Each entry must appear in the answer exactly as written.

Extracted data entries »
== Segment start ==

text \<open>Mixed strategies are pmfs over actions; independent randomisation = product pmf.\<close>

definition U1 :: "('v \<Rightarrow> 'e set) \<Rightarrow> 'v set pmf \<Rightarrow> 'e set pmf \<Rightarrow> real" where
  "U1 C \<sigma>1 \<sigma>2 = measure_pmf.expectation (pair_pmf \<sigma>1 \<sigma>2) (\<lambda>(S, T). real (F C S T))"

definition U2 :: "('v \<Rightarrow> 'e set) \<Rightarrow> 'v set pmf \<Rightarrow> 'e set pmf \<Rightarrow> real" where
  "U2 C \<sigma>1 \<sigma>2 = measure_pmf.expectation (pair_pmf \<sigma>1 \<sigma>2) (\<lambda>(S, T). real (card T) - real (F C S T))"

definition nash :: "'v set \<Rightarrow> 'e set \<Rightarrow> ('v \<Rightarrow> 'e set) \<Rightarrow> nat \<Rightarrow> nat \<Rightarrow> 'v set pmf \<Rightarrow> 'e set pmf \<Rightarrow> bool" where
  "nash V E C b1 b2 \<sigma>1 \<sigma>2 \<longleftrightarrow>
     set_pmf \<sigma>1 \<subseteq> A1 V b1 \<and> set_pmf \<sigma>2 \<subseteq> A2 E b2 \<and>
     (\<forall>\<tau>1. set_pmf \<tau>1 \<subseteq> A1 V b1 \<longrightarrow> U1 C \<tau>1 \<sigma>2 \<le> U1 C \<sigma>1 \<sigma>2) \<and>
     (\<forall>\<tau>2. set_pmf \<tau>2 \<subseteq> A2 E b2 \<longrightarrow> U2 C \<sigma>1 \<tau>2 \<le> U2 C \<sigma>1 \<sigma>2)"

definition maxmin_opt :: "'v set \<Rightarrow> 'e set \<Rightarrow> ('v \<Rightarrow> 'e set) \<Rightarrow> nat \<Rightarrow> nat \<Rightarrow> 'v set pmf \<Rightarrow> bool" where
  "maxmin_opt V E C b1 b2 \<sigma>1 \<longleftrightarrow>
     set_pmf \<sigma>1 \<subseteq> A1bar V b1 \<and>
     (\<forall>\<tau>1. set_pmf \<tau>1 \<subseteq> A1bar V b1 \<longrightarrow>
        Min ((\<lambda>T. U1 C \<tau>1 (return_pmf T)) ` A2bar E b2)
          \<le> Min ((\<lambda>T. U1 C \<sigma>1 (return_pmf T)) ` A2bar E b2))"

definition minmax_opt :: "'v set \<Rightarrow> 'e set \<Rightarrow> ('v \<Rightarrow> 'e set) \<Rightarrow> nat \<Rightarrow> nat \<Rightarrow> 'e set pmf \<Rightarrow> bool" where
  "minmax_opt V E C b1 b2 \<sigma>2 \<longleftrightarrow>
     set_pmf \<sigma>2 \<subseteq> A2bar E b2 \<and>
     (\<forall>\<tau>2. set_pmf \<tau>2 \<subseteq> A2bar E b2 \<longrightarrow>
        Max ((\<lambda>S. U1 C (return_pmf S) \<sigma>2) ` A1bar V b1)
          \<le> Max ((\<lambda>S. U1 C (return_pmf S) \<tau>2) ` A1bar V b1))"

end

(*
  Restricted to full budgets the game is constant-sum, U2 = b2 - U1, and enlarging a placement
  or a target set never hurts its owner.  Hence, by the minimax theorem (obtained here from
  Ville's alternative, proved by Fourier-Motzkin elimination), optimal max-min and min-max
  strategies form a Nash equilibrium, and every equilibrium in full-budget strategies consists
  of optimal strategies.

  A short placement in the support of player 1 would be a set
  cover with fewer than n* sensors.  A short target set in the support of player 2 forces every
  element missed by a support placement S into every target set; then a maximum packing, which
  meets each monitoring set at most once, gives m* <= |S| + |E - C_S| <= E|T| <= b2.
*)

theory Submission
  imports Defs
begin

section \<open>Ville's alternative\<close>

lemma finite_sets_strictly_separable:
  fixes P Q :: "real set"
  assumes "finite P" "P \<noteq> {}" "finite Q" "\<forall>p\<in>P. \<forall>q\<in>Q. p < q"
  shows "\<exists>t. (\<forall>p\<in>P. p < t) \<and> (\<forall>q\<in>Q. t < q)"
proof (cases "Q = {}")
  case True
  then show ?thesis using assms by (intro exI[of _ "Max P + 1"]) (auto dest: Max_ge[OF assms(1)])
next
  case False
  have "Max P < Min Q" using assms False by auto
  moreover have "\<forall>p\<in>P. p \<le> Max P" "\<forall>q\<in>Q. Min Q \<le> q" using assms by auto
  ultimately show ?thesis by (intro exI[of _ "(Max P + Min Q) / 2"]) force
qed

text \<open>The constraints ask \<open>t\<close> to exceed \<open>-\<beta> k / \<alpha> k\<close> when \<open>\<alpha> k > 0\<close> and to stay below
  \<open>\<beta> l / -\<alpha> l\<close> when \<open>\<alpha> l < 0\<close>; hypothesis \<open>mixed\<close> says these bounds are compatible.\<close>

lemma strict_affine_system_pos_solvable:
  fixes \<alpha> \<beta> :: "'k \<Rightarrow> real"
  assumes "finite K"
    and nonpos: "\<And>k. k \<in> K \<Longrightarrow> \<alpha> k \<le> 0 \<Longrightarrow> 0 < \<beta> k"
    and mixed: "\<And>k l. k \<in> K \<Longrightarrow> l \<in> K \<Longrightarrow> 0 < \<alpha> k \<Longrightarrow> \<alpha> l < 0 \<Longrightarrow> 0 < \<alpha> k * \<beta> l - \<alpha> l * \<beta> k"
  shows "\<exists>t>0. \<forall>k\<in>K. 0 < t * \<alpha> k + \<beta> k"
proof -
  define P where "P = insert 0 ((\<lambda>k. - \<beta> k / \<alpha> k) ` {k\<in>K. 0 < \<alpha> k})"
  define Q where "Q = (\<lambda>l. \<beta> l / - \<alpha> l) ` {l\<in>K. \<alpha> l < 0}"
  have "finite P" "P \<noteq> {}" "finite Q" unfolding P_def Q_def using \<open>finite K\<close> by auto
  moreover have "\<forall>p\<in>P. \<forall>q\<in>Q. p < q"
  proof (intro ballI)
    fix p q assume "p \<in> P" "q \<in> Q"
    then obtain l where l: "l \<in> K" "\<alpha> l < 0" "q = \<beta> l / - \<alpha> l" unfolding Q_def by auto
    have "0 < q" using l nonpos[of l] by (simp add: divide_pos_neg)
    moreover have "- \<beta> k / \<alpha> k < \<beta> l / - \<alpha> l" if "k \<in> K" "0 < \<alpha> k" for k
      using mixed[OF that(1) l(1) that(2) l(2)] that(2) l(2) by (simp add: field_simps)
    ultimately show "p < q" using \<open>p \<in> P\<close> l(3) unfolding P_def by auto
  qed
  ultimately obtain t where t: "\<forall>p\<in>P. p < t" "\<forall>q\<in>Q. t < q"
    by (metis finite_sets_strictly_separable)
  have "0 < t * \<alpha> k + \<beta> k" if "k \<in> K" for k
  proof (cases "\<alpha> k" "0 :: real" rule: linorder_cases)
    case less
    then show ?thesis using t(2) that unfolding Q_def by (auto simp: field_simps)
  next
    case equal
    then show ?thesis using nonpos that by simp
  next
    case greater
    then show ?thesis using t(1) that unfolding P_def by (auto simp: field_simps)
  qed
  moreover have "0 < t" using t(1) unfolding P_def by simp
  ultimately show ?thesis by blast
qed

== Segment end ==

THE ANSWER »
text \<open>Mixed strategies are pmfs over actions; independent randomisation = product pmf.\<close>

definition U1 :: "('v \<Rightarrow> 'e set) \<Rightarrow> 'v set pmf \<Rightarrow> 'e set pmf \<Rightarrow> real" where
  "U1 C \<sigma>1 \<sigma>2 = measure_pmf.expectation (pair_pmf \<sigma>1 \<sigma>2) (\<lambda>(S, T). real (F C S T))"

definition U2 :: "('v \<Rightarrow> 'e set) \<Rightarrow> 'v set pmf \<Rightarrow> 'e set pmf \<Rightarrow> real" where
  "U2 C \<sigma>1 \<sigma>2 = measure_pmf.expectation (pair_pmf \<sigma>1 \<sigma>2) (\<lambda>(S, T). real (card T) - real (F C S T))"

definition nash :: "'v set \<Rightarrow> 'e set \<Rightarrow> ('v \<Rightarrow> 'e set) \<Rightarrow> nat \<Rightarrow> nat \<Rightarrow> 'v set pmf \<Rightarrow> 'e set pmf \<Rightarrow> bool" where
  "nash V E C b1 b2 \<sigma>1 \<sigma>2 \<longleftrightarrow>
     set_pmf \<sigma>1 \<subseteq> A1 V b1 \<and> set_pmf \<sigma>2 \<subseteq> A2 E b2 \<and>
     (\<forall>\<tau>1. set_pmf \<tau>1 \<subseteq> A1 V b1 \<longrightarrow> U1 C \<tau>1 \<sigma>2 \<le> U1 C \<sigma>1 \<sigma>2) \<and>
     (\<forall>\<tau>2. set_pmf \<tau>2 \<subseteq> A2 E b2 \<longrightarrow> U2 C \<sigma>1 \<tau>2 \<le> U2 C \<sigma>1 \<sigma>2)"

definition maxmin_opt :: "'v set \<Rightarrow> 'e set \<Rightarrow> ('v \<Rightarrow> 'e set) \<Rightarrow> nat \<Rightarrow> nat \<Rightarrow> 'v set pmf \<Rightarrow> bool" where
  "maxmin_opt V E C b1 b2 \<sigma>1 \<longleftrightarrow>
     set_pmf \<sigma>1 \<subseteq> A1bar V b1 \<and>
     (\<forall>\<tau>1. set_pmf \<tau>1 \<subseteq> A1bar V b1 \<longrightarrow>
        Min ((\<lambda>T. U1 C \<tau>1 (return_pmf T)) ` A2bar E b2)
          \<le> Min ((\<lambda>T. U1 C \<sigma>1 (return_pmf T)) ` A2bar E b2))"

definition minmax_opt :: "'v set \<Rightarrow> 'e set \<Rightarrow> ('v \<Rightarrow> 'e set) \<Rightarrow> nat \<Rightarrow> nat \<Rightarrow> 'e set pmf \<Rightarrow> bool" where
  "minmax_opt V E C b1 b2 \<sigma>2 \<longleftrightarrow>
     set_pmf \<sigma>2 \<subseteq> A2bar E b2 \<and>
     (\<forall>\<tau>2. set_pmf \<tau>2 \<subseteq> A2bar E b2 \<longrightarrow>
        Max ((\<lambda>S. U1 C (return_pmf S) \<sigma>2) ` A1bar V b1)
          \<le> Max ((\<lambda>S. U1 C (return_pmf S) \<tau>2) ` A1bar V b1))"

end

(*
  Restricted to full budgets the game is constant-sum, U2 = b2 - U1, and enlarging a placement
  or a target set never hurts its owner.  Hence, by the minimax theorem (obtained here from
  Ville's alternative, proved by Fourier-Motzkin elimination), optimal max-min and min-max
  strategies form a Nash equilibrium, and every equilibrium in full-budget strategies consists
  of optimal strategies.

  A short placement in the support of player 1 would be a set
  cover with fewer than n* sensors.  A short target set in the support of player 2 forces every
  element missed by a support placement S into every target set; then a maximum packing, which
  meets each monitoring set at most once, gives m* <= |S| + |E - C_S| <= E|T| <= b2.
*)

theory Submission
  imports Defs
begin

section \<open>Ville's alternative\<close>

lemma finite_sets_strictly_separable:
  fixes P Q :: "real set"
  assumes "finite P" "P \<noteq> {}" "finite Q" "\<forall>p\<in>P. \<forall>q\<in>Q. p < q"
  shows "\<exists>t. (\<forall>p\<in>P. p < t) \<and> (\<forall>q\<in>Q. t < q)"
proof (cases "Q = {}")
  case True
  then show ?thesis using assms by (intro exI[of _ "Max P + 1"]) (auto dest: Max_ge[OF assms(1)])
next
  case False
  have "Max P < Min Q" using assms False by auto
  moreover have "\<forall>p\<in>P. p \<le> Max P" "\<forall>q\<in>Q. Min Q \<le> q" using assms by auto
  ultimately show ?thesis by (intro exI[of _ "(Max P + Min Q) / 2"]) force
qed

text \<open>The constraints ask \<open>t\<close> to exceed \<open>-\<beta> k / \<alpha> k\<close> when \<open>\<alpha> k > 0\<close> and to stay below
  \<open>\<beta> l / -\<alpha> l\<close> when \<open>\<alpha> l < 0\<close>; hypothesis \<open>mixed\<close> says these bounds are compatible.\<close>

lemma strict_affine_system_pos_solvable:
  fixes \<alpha> \<beta> :: "'k \<Rightarrow> real"
  assumes "finite K"
    and nonpos: "\<And>k. k \<in> K \<Longrightarrow> \<alpha> k \<le> 0 \<Longrightarrow> 0 < \<beta> k"
    and mixed: "\<And>k l. k \<in> K \<Longrightarrow> l \<in> K \<Longrightarrow> 0 < \<alpha> k \<Longrightarrow> \<alpha> l < 0 \<Longrightarrow> 0 < \<alpha> k * \<beta> l - \<alpha> l * \<beta> k"
  shows "\<exists>t>0. \<forall>k\<in>K. 0 < t * \<alpha> k + \<beta> k"
proof -
  define P where "P = insert 0 ((\<lambda>k. - \<beta> k / \<alpha> k) ` {k\<in>K. 0 < \<alpha> k})"
  define Q where "Q = (\<lambda>l. \<beta> l / - \<alpha> l) ` {l\<in>K. \<alpha> l < 0}"
  have "finite P" "P \<noteq> {}" "finite Q" unfolding P_def Q_def using \<open>finite K\<close> by auto
  moreover have "\<forall>p\<in>P. \<forall>q\<in>Q. p < q"
  proof (intro ballI)
    fix p q assume "p \<in> P" "q \<in> Q"
    then obtain l where l: "l \<in> K" "\<alpha> l < 0" "q = \<beta> l / - \<alpha> l" unfolding Q_def by auto
    have "0 < q" using l nonpos[of l] by (simp add: divide_pos_neg)
    moreover have "- \<beta> k / \<alpha> k < \<beta> l / - \<alpha> l" if "k \<in> K" "0 < \<alpha> k" for k
      using mixed[OF that(1) l(1) that(2) l(2)] that(2) l(2) by (simp add: field_simps)
    ultimately show "p < q" using \<open>p \<in> P\<close> l(3) unfolding P_def by auto
  qed
  ultimately obtain t where t: "\<forall>p\<in>P. p < t" "\<forall>q\<in>Q. t < q"
    by (metis finite_sets_strictly_separable)
  have "0 < t * \<alpha> k + \<beta> k" if "k \<in> K" for k
  proof (cases "\<alpha> k" "0 :: real" rule: linorder_cases)
    case less
    then show ?thesis using t(2) that unfolding Q_def by (auto simp: field_simps)
  next
    case equal
    then show ?thesis using nonpos that by simp
  next
    case greater
    then show ?thesis using t(1) that unfolding P_def by (auto simp: field_simps)
  qed
  moreover have "0 < t" using t(1) unfolding P_def by simp
  ultimately show ?thesis by blast
qed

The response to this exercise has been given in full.